If a line in the listing below includes the string "blast", pull it out.

BEGIN Dataset excerpts

definition blowup_solution ::
  "model \<Rightarrow> nat \<Rightarrow> real \<Rightarrow> real \<Rightarrow> (real \<Rightarrow> real) \<Rightarrow> bool" where
  "blowup_solution M n lam r h =
     (analytic_in_usq r h \<and>
      (\<exists>h1 h2. (\<forall>u\<in>{0..<r}.
                  (h has_real_derivative h1 u) (at u within {0..<r}) \<and>
                  (h1 has_real_derivative h2 u) (at u within {0..<r}) \<and>
                  h2 u * (h1 u) ^ (n - 1) = exp (lam * h u) * DM M n u) \<and>
               h1 0 = 0 \<and> (\<forall>u\<in>{0<..<r}. h1 u > 0)) \<and>
      filterlim h at_top (at_left r))"

end

theory Submission
  imports Defs
begin

(* Writing the equation in its first-integral form ((h')^n)' = n e^(lam h) D_M, the proof is
   a maximum-principle argument for the difference d = h_r - h_s on [0,s).  Since h_r stays
   bounded near s while h_s blows up, d tends to -infinity at s and therefore attains its
   maximum at some point m of [0,s).  If h_r > h_s somewhere, then d(m) > 0 and d'(m) = 0
   (Fermat's rule for m > 0, the boundary condition h'(0) = 0 for m = 0).  Just right of m we
   still have h_r > h_s, so ((h_r')^n - (h_s')^n)' > 0 there; as this difference vanishes at m,
   we get h_r' > h_s', i.e. d increases right of m, contradicting maximality. *)

lemma has_real_derivative_within_Ico_at:
  assumes "(f has_real_derivative D) (at x within {a..<b})" and "a < x" and "x < b"
  shows "(f has_real_derivative D) (at x)"
  using assms by (subst at_within_interior[symmetric]) auto

lemma power_first_integral:
  assumes "(h1 has_real_derivative v) (at u within S)" and "v * h1 u ^ (n - 1) = c"
  shows "((\<lambda>x. h1 x ^ n) has_real_derivative real n * c) (at u within S)"
proof -
  have "((\<lambda>x. h1 x ^ n) has_real_derivative v * (real n * h1 u ^ (n - 1))) (at u within S)"
    using assms(1) by (auto intro!: derivative_eq_intros)
  moreover have "v * (real n * h1 u ^ (n - 1)) = real n * c"
    using assms(2) by (metis mult.left_commute)
  ultimately show ?thesis by (simp only:)
qed

definition solves_on ::
  "nat \<Rightarrow> real \<Rightarrow> (real \<Rightarrow> real) \<Rightarrow> real set \<Rightarrow> (real \<Rightarrow> real) \<Rightarrow> (real \<Rightarrow> real) \<Rightarrow> bool"
  where "solves_on n lam w S h h1 \<longleftrightarrow>
    (\<forall>u\<in>S. (h has_real_derivative h1 u) (at u within S) \<and>
      ((\<lambda>x. h1 x ^ n) has_real_derivative real n * exp (lam * h u) * w u) (at u within S))"

lemma solves_on_subset:
  assumes "solves_on n lam w S h h1" and "T \<subseteq> S"
  shows "solves_on n lam w T h h1"
  using assms unfolding solves_on_def by (meson DERIV_subset subsetD)

lemma attains_max_if_tends_to_bot:
  fixes d :: "real \<Rightarrow> real"
  assumes cont: "continuous_on {a..<b} d" and "a < b"
    and lim: "filterlim d at_bot (at_left b)"
  obtains m where "m \<in> {a..<b}" and "\<And>t. t \<in> {a..<b} \<Longrightarrow> d t \<le> d m"
proof -
  have "eventually (\<lambda>t. d t < d a) (at_left b)"
    using lim unfolding filterlim_at_bot_dense by blast
  then obtain c where c: "c < b" "\<And>t. c < t \<Longrightarrow> t < b \<Longrightarrow> d t < d a"
    unfolding eventually_at_left_field by blast
  define c' where "c' = max a c"
  have "continuous_on {a..c'} d"
    using cont by (rule continuous_on_subset) (use c \<open>a < b\<close> in \<open>auto simp: c'_def\<close>)
  then obtain m where m: "m \<in> {a..c'}" "\<And>t. t \<in> {a..c'} \<Longrightarrow> d t \<le> d m"
    using continuous_attains_sup[of "{a..c'}" d] by (fastforce simp: c'_def)
  show ?thesis
  proof
    show "m \<in> {a..<b}" using m(1) c \<open>a < b\<close> by (auto simp: c'_def)
    fix t assume t: "t \<in> {a..<b}"
    show "d t \<le> d m"
    proof (cases "t \<le> c'")
      case True then show ?thesis using m(2) t by auto
    next
      case False
      then have "d t < d a" using c t by (auto simp: c'_def)
      also have "d a \<le> d m" using m(2) by (auto simp: c'_def)
      finally show ?thesis by simp
    qed
  qed
qed

lemma continuous_minus_blowup_tends_to_bot:
  fixes f g :: "real \<Rightarrow> real"
  assumes "isCont f b" and "filterlim g at_top (at_left b)"
  shows "filterlim (\<lambda>x. f x - g x) at_bot (at_left b)"
proof -
  have "(f \<longlongrightarrow> f b) (at_left b)"
    using assms(1) by (metis filterlim_at_split isCont_def)
  then have "filterlim (\<lambda>x. - f x + g x) at_top (at_left b)"
    using assms(2) by (intro filterlim_tendsto_add_at_top[OF tendsto_minus])
  then show ?thesis by (simp add: filterlim_uminus_at_bot)
qed

lemma interior_max_derivative_zero:
  fixes d :: "real \<Rightarrow> real"
  assumes "(d has_real_derivative D) (at m within {a..<b})" and "a < m" and "m < b"
    and "\<And>t. t \<in> {a..<b} \<Longrightarrow> d t \<le> d m"
  shows "D = 0"
proof (rule DERIV_local_max)
  show "(d has_real_derivative D) (at m)"
    using assms(1-3) by (rule has_real_derivative_within_Ico_at)
  show "0 < min (m - a) (b - m)" using assms(2,3) by simp
  show "\<forall>y. \<bar>m - y\<bar> < min (m - a) (b - m) \<longrightarrow> d y \<le> d m"
    by (auto intro!: assms(4) simp: abs_if split: if_splits)
qed

lemma positive_right_of_point:
  fixes d :: "real \<Rightarrow> real"
  assumes "continuous_on {a..<b} d" and "m \<in> {a..<b}" and "d m > 0"
  obtains t where "m < t" and "t < b" and "\<And>x. x \<in> {m..t} \<Longrightarrow> d x > 0"
proof -
  have "eventually (\<lambda>x. d x > 0) (at m within {a..<b})"
    using assms order_tendstoD(1) unfolding continuous_on_def by blast
  then obtain e where e: "e > 0" "\<And>x. x \<in> {a..<b} \<Longrightarrow> x \<noteq> m \<Longrightarrow> dist x m < e \<Longrightarrow> d x > 0"
    unfolding eventually_at by blast
  define t where "t = min (m + e/2) ((m + b)/2)"
  show ?thesis
  proof
    show "m < t" "t < b" using e assms(2) by (auto simp: t_def min_def)
    fix x assume "x \<in> {m..t}"
    then show "d x > 0" using e assms by (cases "x = m") (auto simp: t_def dist_real_def)
  qed
qed

text \<open>Key step: where two solutions start with equal slope and the first lies strictly above
  the second, the slope of the first becomes strictly larger, since its n-th power grows faster.\<close>
lemma slope_gap_opens:
  assumes f: "solves_on n lam w S f p" and g: "solves_on n lam w S g q"
    and "{m..t} \<subseteq> S" and "m < t" and "n \<ge> 1" and "lam > 0"
    and above: "\<And>x. x \<in> {m<..<t} \<Longrightarrow> g x < f x \<and> 0 < w x"
    and "p m = q m" and p_nonneg: "p t \<ge> 0"
  shows "q t < p t"
proof -
  define F where "F = (\<lambda>x. p x ^ n - q x ^ n)"
  have F_deriv: "(F has_real_derivative real n * (exp (lam * f x) - exp (lam * g x)) * w x)
      (at x within {m..t})" if "x \<in> {m..t}" for x
  proof -
    have "((\<lambda>x. p x ^ n) has_real_derivative real n * exp (lam * f x) * w x) (at x within {m..t})"
         "((\<lambda>x. q x ^ n) has_real_derivative real n * exp (lam * g x) * w x) (at x within {m..t})"
      using f g that \<open>{m..t} \<subseteq> S\<close> unfolding solves_on_def by (meson DERIV_subset subsetD)+
    from DERIV_diff[OF this] show ?thesis by (simp add: F_def algebra_simps)
  qed
  have "F m < F t"
  proof (rule DERIV_pos_imp_increasing_open[OF \<open>m < t\<close>])
    fix x assume x: "m < x" "x < t"
    have "0 < real n * (exp (lam * f x) - exp (lam * g x)) * w x"
      using above[of x] x \<open>n \<ge> 1\<close> \<open>lam > 0\<close> by simp
    moreover have "(F has_real_derivative real n * (exp (lam * f x) - exp (lam * g x)) * w x) (at x)"
      using F_deriv[of x] x by (subst at_within_interior[symmetric, of x "{m..t}"]) auto
    ultimately show "\<exists>y. (F has_real_derivative y) (at x) \<and> 0 < y" by blast
  next
    show "continuous_on {m..t} F"
      using F_deriv by (intro DERIV_continuous_on) blast
  qed
  then have "q t ^ n < p t ^ n" using \<open>p m = q m\<close> by (simp add: F_def)
  then show ?thesis using p_nonneg power_less_imp_less_base by blast
qed

lemma comparison_principle:
  assumes f: "solves_on n lam w {a..<b} f p" and g: "solves_on n lam w {a..<b} g q"
    and "p a = 0" and "q a = 0" and p_nonneg: "\<And>x. x \<in> {a<..<b} \<Longrightarrow> p x \<ge> 0"
    and w_pos: "\<And>x. x \<in> {a<..<b} \<Longrightarrow> w x > 0" and "n \<ge> 1" and "lam > 0"
    and lim: "filterlim (\<lambda>x. f x - g x) at_bot (at_left b)"
  shows "\<forall>u\<in>{a..<b}. f u \<le> g u"
proof (rule ccontr)
  assume "\<not> ?thesis"
  then obtain u0 where u0: "u0 \<in> {a..<b}" "g u0 < f u0" by (auto simp: not_le)
  define d where "d = (\<lambda>x. f x - g x)"
  have d_deriv: "(d has_real_derivative p x - q x) (at x within {a..<b})" if "x \<in> {a..<b}" for x
    using f g that unfolding solves_on_def d_def by (auto intro!: derivative_eq_intros)
  then have d_cont: "continuous_on {a..<b} d" by (intro DERIV_continuous_on) blast
  obtain m where m: "m \<in> {a..<b}" and m_max: "\<And>t. t \<in> {a..<b} \<Longrightarrow> d t \<le> d m"
    using attains_max_if_tends_to_bot[OF d_cont _ lim[folded d_def]] u0 by auto
  have d_m_pos: "d m > 0" using m_max[OF u0(1)] u0(2) by (simp add: d_def)
  have equal_slopes: "p m = q m"
  proof (cases "m = a")
    case True then show ?thesis using \<open>p a = 0\<close> \<open>q a = 0\<close> by simp
  next
    case False
    with m have "p m - q m = 0"
      by (intro interior_max_derivative_zero[OF d_deriv[OF m]]) (auto intro: m_max)
    then show ?thesis by simp
  qed
  obtain t where t: "m < t" "t < b" and d_pos: "\<And>x. x \<in> {m..t} \<Longrightarrow> d x > 0"
    using positive_right_of_point[OF d_cont m d_m_pos] by blast
  have slope_gap: "q x < p x" if "x \<in> {m<..t}" for x
  proof (rule slope_gap_opens[OF f g _ _ \<open>n \<ge> 1\<close> \<open>lam > 0\<close> _ equal_slopes])
    show "{m..x} \<subseteq> {a..<b}" "m < x" "p x \<ge> 0" using that m t p_nonneg by auto
    show "g y < f y \<and> 0 < w y" if "y \<in> {m<..<x}" for y
      using d_pos[of y] w_pos[of y] that \<open>x \<in> {m<..t}\<close> m t by (auto simp: d_def)
  qed
  have "d m < d t"
  proof (rule DERIV_pos_imp_increasing_open[OF \<open>m < t\<close>])
    fix x assume x: "m < x" "x < t"
    have "(d has_real_derivative p x - q x) (at x)"
      using d_deriv[of x] x m t by (intro has_real_derivative_within_Ico_at[of _ _ _ a b]) auto
    then show "\<exists>y. (d has_real_derivative y) (at x) \<and> 0 < y" using slope_gap[of x] x by auto
  next
    show "continuous_on {m..t} d" using d_cont by (rule continuous_on_subset) (use m t in auto)
  qed
  with m_max[of t] m t show False by auto
qed

lemma DM_pos:
  assumes "below_rmax M r" and "0 < u" and "u < r"
  shows "DM M n u > 0"
proof (cases M)
  case Hyperbolic
  then have "u < pi" using assms unfolding below_rmax_def by auto
  then have "sin u > 0" using assms sin_gt_zero by auto
  then show ?thesis using Hyperbolic by simp
qed (use assms in auto)

lemma blowup_solution_solves_on:
  assumes "blowup_solution M n lam r h"
  obtains h1 where "solves_on n lam (DM M n) {0..<r} h h1"
    and "h1 0 = 0" and "\<And>u. u \<in> {0<..<r} \<Longrightarrow> h1 u > 0"
proof -
  obtain h1 h2 where sol: "\<And>u. u \<in> {0..<r} \<Longrightarrow>
        (h has_real_derivative h1 u) (at u within {0..<r}) \<and>
        (h1 has_real_derivative h2 u) (at u within {0..<r}) \<and>
        h2 u * (h1 u) ^ (n - 1) = exp (lam * h u) * DM M n u"
    and "h1 0 = 0" and "\<And>u. u \<in> {0<..<r} \<Longrightarrow> h1 u > 0"
    using assms unfolding blowup_solution_def by blast
  moreover have "solves_on n lam (DM M n) {0..<r} h h1"
    unfolding solves_on_def
  proof
    fix u assume "u \<in> {0..<r}"
    with sol show "(h has_real_derivative h1 u) (at u within {0..<r}) \<and>
        ((\<lambda>x. h1 x ^ n) has_real_derivative real n * exp (lam * h u) * DM M n u) (at u within {0..<r})"
      using power_first_integral[where n = n] by (metis mult.assoc)
  qed
  ultimately show ?thesis using that by blast
qed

END Dataset excerpts

**Exercise solution**
    using lim unfolding filterlim_at_bot_dense by blast
    unfolding eventually_at_left_field by blast
    using assms order_tendstoD(1) unfolding continuous_on_def by blast
    unfolding eventually_at by blast
    ultimately show "\<exists>y. (F has_real_derivative y) (at x) \<and> 0 < y" by blast
      using F_deriv by (intro DERIV_continuous_on) blast
  then show ?thesis using p_nonneg power_less_imp_less_base by blast
  then have d_cont: "continuous_on {a..<b} d" by (intro DERIV_continuous_on) blast
    using positive_right_of_point[OF d_cont m d_m_pos] by blast
    using assms unfolding blowup_solution_def by blast
  ultimately show ?thesis using that by blast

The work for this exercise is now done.